§ **EXERCISE INSTRUCTIONS**:
Whenever a line in the data holds the string "section", pull that line out.

▬▬▬

lemma ulp_le_abs_fl:
  assumes "2 powr -1022 \<le> \<bar>x\<bar>"
  shows "2 powr 52 * ulp x \<le> \<bar>fl x\<bar>"
proof -
  define r where "r = round_even (x / ulp x)"
  have u: "0 < ulp x"
    by (rule ulp_pos)
  have "2 ^ 52 \<le> \<bar>x / ulp x\<bar>"
    using ulp_normal(2)[OF assms] u by (simp add: field_simps)
  moreover have "\<bar>x / ulp x - of_int r\<bar> \<le> 1/2"
    unfolding r_def by (rule round_even_error)
  ultimately have "of_int (2 ^ 52 - 1) < (of_int \<bar>r\<bar> :: real)"
    using abs_triangle_ineq2[of "x / ulp x" "of_int r"] by simp
  then have "of_int (2 ^ 52) \<le> (of_int \<bar>r\<bar> :: real)"
    unfolding of_int_less_iff of_int_le_iff by linarith
  then have "(2 ^ 52 :: real) \<le> \<bar>of_int r\<bar>"
    by simp
  then show ?thesis
    using u by (simp add: fl_eq_ulp_mult r_def[symmetric] abs_mult powr_realpow mult.commute)
qed

lemma half_ulp_le:
  assumes "2 powr 52 * ulp x \<le> a"
  shows "ulp x / 2 \<le> 2 powr -53 * a"
proof -
  have "2 powr -53 * (2 powr 52 * ulp x) = ulp x / 2"
    by (simp add: powr_neg_numeral)
  with assms show ?thesis
    by (metis mult_left_mono powr_ge_zero)
qed

lemma fl_rel_error:
  assumes "2 powr -1022 \<le> \<bar>x\<bar>"
  shows "\<bar>fl x - x\<bar> \<le> 2 powr -53 * \<bar>x\<bar>"
  using abs_fl_minus_le[of x] half_ulp_le[OF ulp_normal(2)[OF assms]] by linarith

lemma fl_rel_error_fl:
  assumes "2 powr -1022 \<le> \<bar>fl x\<bar>"
  shows "\<bar>fl x - x\<bar> \<le> 2 powr -53 * \<bar>fl x\<bar>"
proof -
  have "2 powr 52 * ulp x \<le> \<bar>fl x\<bar>"
  proof (cases "2 powr -1022 \<le> \<bar>x\<bar>")
    case True
    then show ?thesis
      by (rule ulp_le_abs_fl)
  next
    case False
    then have "2 powr 52 * ulp x = 2 powr 52 * 2 powr -1074"
      by (simp add: ulp_subnormal)
    also have "\<dots> = 2 powr -1022"
      by (subst powr_add[symmetric]) simp
    finally have "2 powr 52 * ulp x = 2 powr -1022" .
    with assms show ?thesis
      by linarith
  qed
  then have "ulp x / 2 \<le> 2 powr -53 * \<bar>fl x\<bar>"
    by (rule half_ulp_le)
  with abs_fl_minus_le[of x] show ?thesis
    by linarith
qed

section \<open>Decimal precision and significant digits\<close>

lemma DP_Ints: "terminating_decimal x \<Longrightarrow> x * 10 ^ DP x \<in> \<int>"
  unfolding terminating_decimal_def DP_def by (rule LeastI_ex)

lemma not_Ints_less_DP: "i < DP x \<Longrightarrow> x * 10 ^ i \<notin> \<int>"
  unfolding DP_def by (rule not_less_Least)

lemma abs_mult_pow_DP_less: "\<bar>x\<bar> * 10 ^ DP x < 10 powr DS x"
proof (cases "x = 0")
  case False
  define L where "L = \<lfloor>log 10 \<bar>x\<bar>\<rfloor>"
  have "\<bar>x\<bar> < 10 powr (L + 1)"
    using floor_log_eq_powr_iff[of "\<bar>x\<bar>" 10 L] False by (simp add: L_def)
  then have "\<bar>x\<bar> * 10 ^ DP x < 10 powr (L + 1) * 10 powr DP x"
    by (simp add: powr_realpow)
  also have "\<dots> = 10 powr DS x"
    using False by (simp add: DS_def L_def powr_add[symmetric] ac_simps)
  finally show ?thesis .
qed (simp add: DS_def)

lemma DS_pos:
  assumes "terminating_decimal x" and "x \<noteq> 0"
  shows "0 < DS x"
proof -
  have "x * 10 ^ DP x \<noteq> 0"
    using assms(2) by simp
  then have "1 \<le> \<bar>x * 10 ^ DP x\<bar>"
    using DP_Ints[OF assms(1)] by (rule Ints_nonzero_abs_ge1[rotated])
  then have "10 powr 0 < 10 powr DS x"
    using abs_mult_pow_DP_less[of x] by (simp add: abs_mult)
  then show ?thesis
    by (simp only: powr_less_cancel_iff[of 10])
qed

lemma DS_nonneg: "terminating_decimal x \<Longrightarrow> 0 \<le> DS x"
  using DS_pos[of x] by (cases "x = 0") (auto simp: DS_def)

lemma finite_bounded_decimals:
  assumes "0 < a"
  shows "finite {x. terminating_decimal x \<and> a \<le> \<bar>x\<bar> \<and> \<bar>x\<bar> \<le> b \<and> DS x \<le> n}"
    (is "finite ?D")
proof -
  define N where "N = nat (n - 1 - \<lfloor>log 10 a\<rfloor>)"
  define M where "M = \<lceil>b * 10 ^ N\<rceil>"
  have "?D \<subseteq> (\<lambda>j. of_int j / 10 ^ N) ` {-M..M}"
  proof
    fix x
    assume "x \<in> ?D"
    then have x: "terminating_decimal x" "a \<le> \<bar>x\<bar>" "\<bar>x\<bar> \<le> b" "DS x \<le> n"
      by auto
    have "x \<noteq> 0"
      using x(2) assms by auto
    have "log 10 a \<le> log 10 \<bar>x\<bar>"
      using x(2) assms by simp
    then have "\<lfloor>log 10 a\<rfloor> \<le> \<lfloor>log 10 \<bar>x\<bar>\<rfloor>"
      by (rule floor_mono)
    then have "DP x \<le> N"
      using x(4) \<open>x \<noteq> 0\<close> by (simp add: DS_def N_def)
    then have "x * 10 ^ N = x * 10 ^ DP x * 10 ^ (N - DP x)"
      by (simp add: power_add[symmetric])
    then have "x * 10 ^ N \<in> \<int>"
      by (metis DP_Ints x(1) Ints_mult Ints_power Ints_numeral)
    then obtain j where j: "x * 10 ^ N = of_int j"
      by (elim Ints_cases)
    have "\<bar>of_int j\<bar> \<le> b * 10 ^ N"
      using x(3) by (simp flip: j add: abs_mult)
    then have "j \<in> {-M..M}"
      unfolding M_def by (simp add: abs_le_iff) linarith
    moreover have "x = of_int j / 10 ^ N"
      using j by (simp add: field_simps)
    ultimately show "x \<in> (\<lambda>j. of_int j / 10 ^ N) ` {-M..M}"
      by blast
  qed
  then show ?thesis
    by (rule finite_subset) simp
qed

section \<open>Normal doubles and their shortest decimal format\<close>

lemma terminating_decimal_dyadic: "terminating_decimal (of_int m * 2 powr of_int e)"
proof (cases "0 \<le> e")
  case True
  then have "of_int m * 2 powr of_int e * 10 ^ 0 = (of_int (m * 2 ^ nat e) :: real)"
    by (simp add: powr_realpow[symmetric])
  then show ?thesis
    unfolding terminating_decimal_def by (metis Ints_of_int)
next
  case False
  define n where "n = nat (- e)"
  have "2 powr of_int e * 2 ^ n = (1::real)"
    using False by (simp add: n_def powr_realpow[symmetric] powr_add[symmetric])
  moreover have "(10::real) ^ n = 2 ^ n * 5 ^ n"
    by (simp flip: power_mult_distrib)
  ultimately have "of_int m * 2 powr of_int e * 10 ^ n = (of_int (m * 5 ^ n) :: real)"
    by (simp add: mult.assoc)
  then show ?thesis
    unfolding terminating_decimal_def by (metis Ints_of_int)
qed

lemma is_normal_doubleD:
  assumes "is_normal_double v"
  shows "2 powr -1022 \<le> \<bar>v\<bar>" and "fl v = v" and "terminating_decimal v"
proof -
  obtain m e :: int where v: "v = of_int m * 2 powr e"
    and m: "2 ^ 52 \<le> \<bar>m\<bar>" "\<bar>m\<bar> < 2 ^ 53" and e: "-1074 \<le> e"
    using assms unfolding is_normal_double_def by blast
  have "(2 ^ 52 :: real) \<le> \<bar>of_int m\<bar>"
    using m(1) by (metis of_int_abs of_int_le_iff of_int_numeral of_int_power)
  have "(2 powr -1022 :: real) = 2 powr 52 * 2 powr -1074"
    by (subst powr_add[symmetric]) simp
  also have "\<dots> \<le> \<bar>of_int m\<bar> * 2 powr e"
    using e \<open>2 ^ 52 \<le> \<bar>of_int m\<bar>\<close> by (intro mult_mono) (simp_all add: powr_realpow)
  also have "\<dots> = \<bar>v\<bar>"
    by (simp add: v abs_mult)
  finally show "2 powr -1022 \<le> \<bar>v\<bar>" .
  show "fl v = v"
    unfolding v using m(2) e by (rule fl_of_int_mult_pow2)
  show "terminating_decimal v"
    unfolding v by (rule terminating_decimal_dyadic)
qed

lemma readback_rel_error:
  assumes "is_normal_double v" and "fl x = v"
  shows "\<bar>x - v\<bar> \<le> 2 powr -53 * \<bar>v\<bar>"
proof -
  have "\<bar>fl x - x\<bar> \<le> 2 powr -53 * \<bar>fl x\<bar>"
    using is_normal_doubleD(1)[OF assms(1)] assms(2) by (intro fl_rel_error_fl) (simp only:)
  then show ?thesis
    using assms(2) by (simp only: abs_minus_commute)
qed

definition shortest_DS :: "real \<Rightarrow> int" where
  "shortest_DS v = (LEAST n. \<exists>x\<in>readback v. DS x = n \<and> n \<ge> 0)"

lemma shortest_DS_least:
  assumes "x \<in> readback v"
  shows "\<exists>y\<in>readback v. DS y = shortest_DS v" and "shortest_DS v \<le> DS x"
proof -
  have nonneg: "0 \<le> DS y" if "y \<in> readback v" for y
    using that DS_nonneg by (simp add: readback_def)
  define m where "m = (LEAST m::nat. \<exists>y\<in>readback v. DS y = int m)"
  have m: "\<exists>y\<in>readback v. DS y = int m"
    unfolding m_def by (rule LeastI[of _ "nat (DS x)"]) (use assms nonneg in auto)
  have m_le: "m \<le> nat (DS y)" if "y \<in> readback v" for y
    unfolding m_def by (rule Least_le) (use that nonneg in auto)
  have "shortest_DS v = int m"
    unfolding shortest_DS_def
  proof (rule Least_equality)
    fix n
    assume "\<exists>y\<in>readback v. DS y = n \<and> 0 \<le> n"
    then show "int m \<le> n"
      using m_le by fastforce
  qed (use m in auto)
  then show "\<exists>y\<in>readback v. DS y = shortest_DS v" and "shortest_DS v \<le> DS x"
    using m m_le[OF assms] nonneg[OF assms] by auto
qed

lemma DF_shortest:
  assumes "finite {x \<in> readback v. DS x = shortest_DS v}" and "x \<in> readback v"
  shows "DF v \<in> readback v" and "DS (DF v) = shortest_DS v"
proof -
  define C where "C = {x \<in> readback v. DS x = shortest_DS v}"
  have "C \<noteq> {}"
    using shortest_DS_least(1)[OF assms(2)] by (auto simp: C_def)
  then obtain x where "is_arg_min (\<lambda>x. \<bar>x - v\<bar>) (\<lambda>x. x \<in> C) x"
    using ex_is_arg_min_if_finite assms(1) unfolding C_def by blast
  then have "\<exists>x. x \<in> C \<and> (\<forall>y\<in>C. \<bar>x - v\<bar> \<le> \<bar>y - v\<bar>)"
    by (auto simp: is_arg_min_def not_less)
  then have "DF v \<in> C"
    unfolding DF_def Let_def shortest_DS_def[symmetric] C_def[symmetric] by (rule someI2_ex) blast
  then show "DF v \<in> readback v" and "DS (DF v) = shortest_DS v"
    by (auto simp: C_def)
qed

lemma DF_zero: "DF 0 = 0"
proof -
  have zero: "0 \<in> readback 0"
    by (simp add: readback_def terminating_decimal_def)
  have "shortest_DS 0 = 0"
    using shortest_DS_least[OF zero] DS_nonneg by (force simp: DS_def readback_def)
  \<comment> \<open>\<open>readback 0\<close> also contains tiny nonzero decimals, but these have positive \<open>DS\<close>.\<close>
  moreover have "x = 0" if "x \<in> readback 0" and "DS x = 0" for x
    using that DS_pos[of x] by (auto simp: readback_def)
  ultimately have "{x \<in> readback 0. DS x = shortest_DS 0} \<subseteq> {0}"
    by auto
  then have "DF 0 \<in> readback 0" and "DS (DF 0) = 0"
    using DF_shortest[OF _ zero] \<open>shortest_DS 0 = 0\<close> finite_subset by auto
  then show ?thesis
    using DS_pos[of "DF 0"] by (auto simp: readback_def)
qed

lemma DF_normal:
  assumes "is_normal_double v"
  shows "DF v \<in> readback v"
proof (rule DF_shortest(1))
  note v = is_normal_doubleD[OF assms]
  have "0 < \<bar>v\<bar>"
    using v(1) powr_gt_zero[of 2 "-1022"] by linarith
  have "2 powr -53 * \<bar>v\<bar> \<le> \<bar>v\<bar> / 2"
    by (simp add: powr_neg_numeral)
  then have "\<bar>v\<bar> / 2 \<le> \<bar>x\<bar> \<and> \<bar>x\<bar> \<le> 2 * \<bar>v\<bar>" if "fl x = v" for x
    using readback_rel_error[OF assms that] abs_triangle_ineq2[of x v] abs_triangle_ineq2[of v x]
    by (simp add: abs_minus_commute)
  then have "{x \<in> readback v. DS x = shortest_DS v} \<subseteq>
      {x. terminating_decimal x \<and> \<bar>v\<bar> / 2 \<le> \<bar>x\<bar> \<and> \<bar>x\<bar> \<le> 2 * \<bar>v\<bar> \<and> DS x \<le> shortest_DS v}"
    by (auto simp: readback_def)
  then show "finite {x \<in> readback v. DS x = shortest_DS v}"
    by (rule finite_subset) (rule finite_bounded_decimals, use \<open>0 < \<bar>v\<bar>\<close> in simp)
  show "v \<in> readback v"
    using v by (simp add: readback_def)
qed

section \<open>Scaling by powers of ten\<close>

lemma fl_pow10:
  assumes "i \<le> 22"
  shows "fl (10 ^ i) = 10 ^ i"
proof -
  have "\<bar>5 ^ i :: int\<bar> < 2 ^ 53"
    using power_increasing[OF assms, of "5::int"] by simp
  moreover have "(10::real) ^ i = of_int (5 ^ i) * 2 powr of_int (int i)"
    by (simp add: powr_realpow flip: power_mult_distrib)
  ultimately show ?thesis
    using fl_of_int_mult_pow2[of "5 ^ i" "int i"] by simp
qed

▬▬▬

§ **THE COMPLETED TASK**:
section \<open>Decimal precision and significant digits\<close>
section \<open>Normal doubles and their shortest decimal format\<close>
section \<open>Scaling by powers of ten\<close>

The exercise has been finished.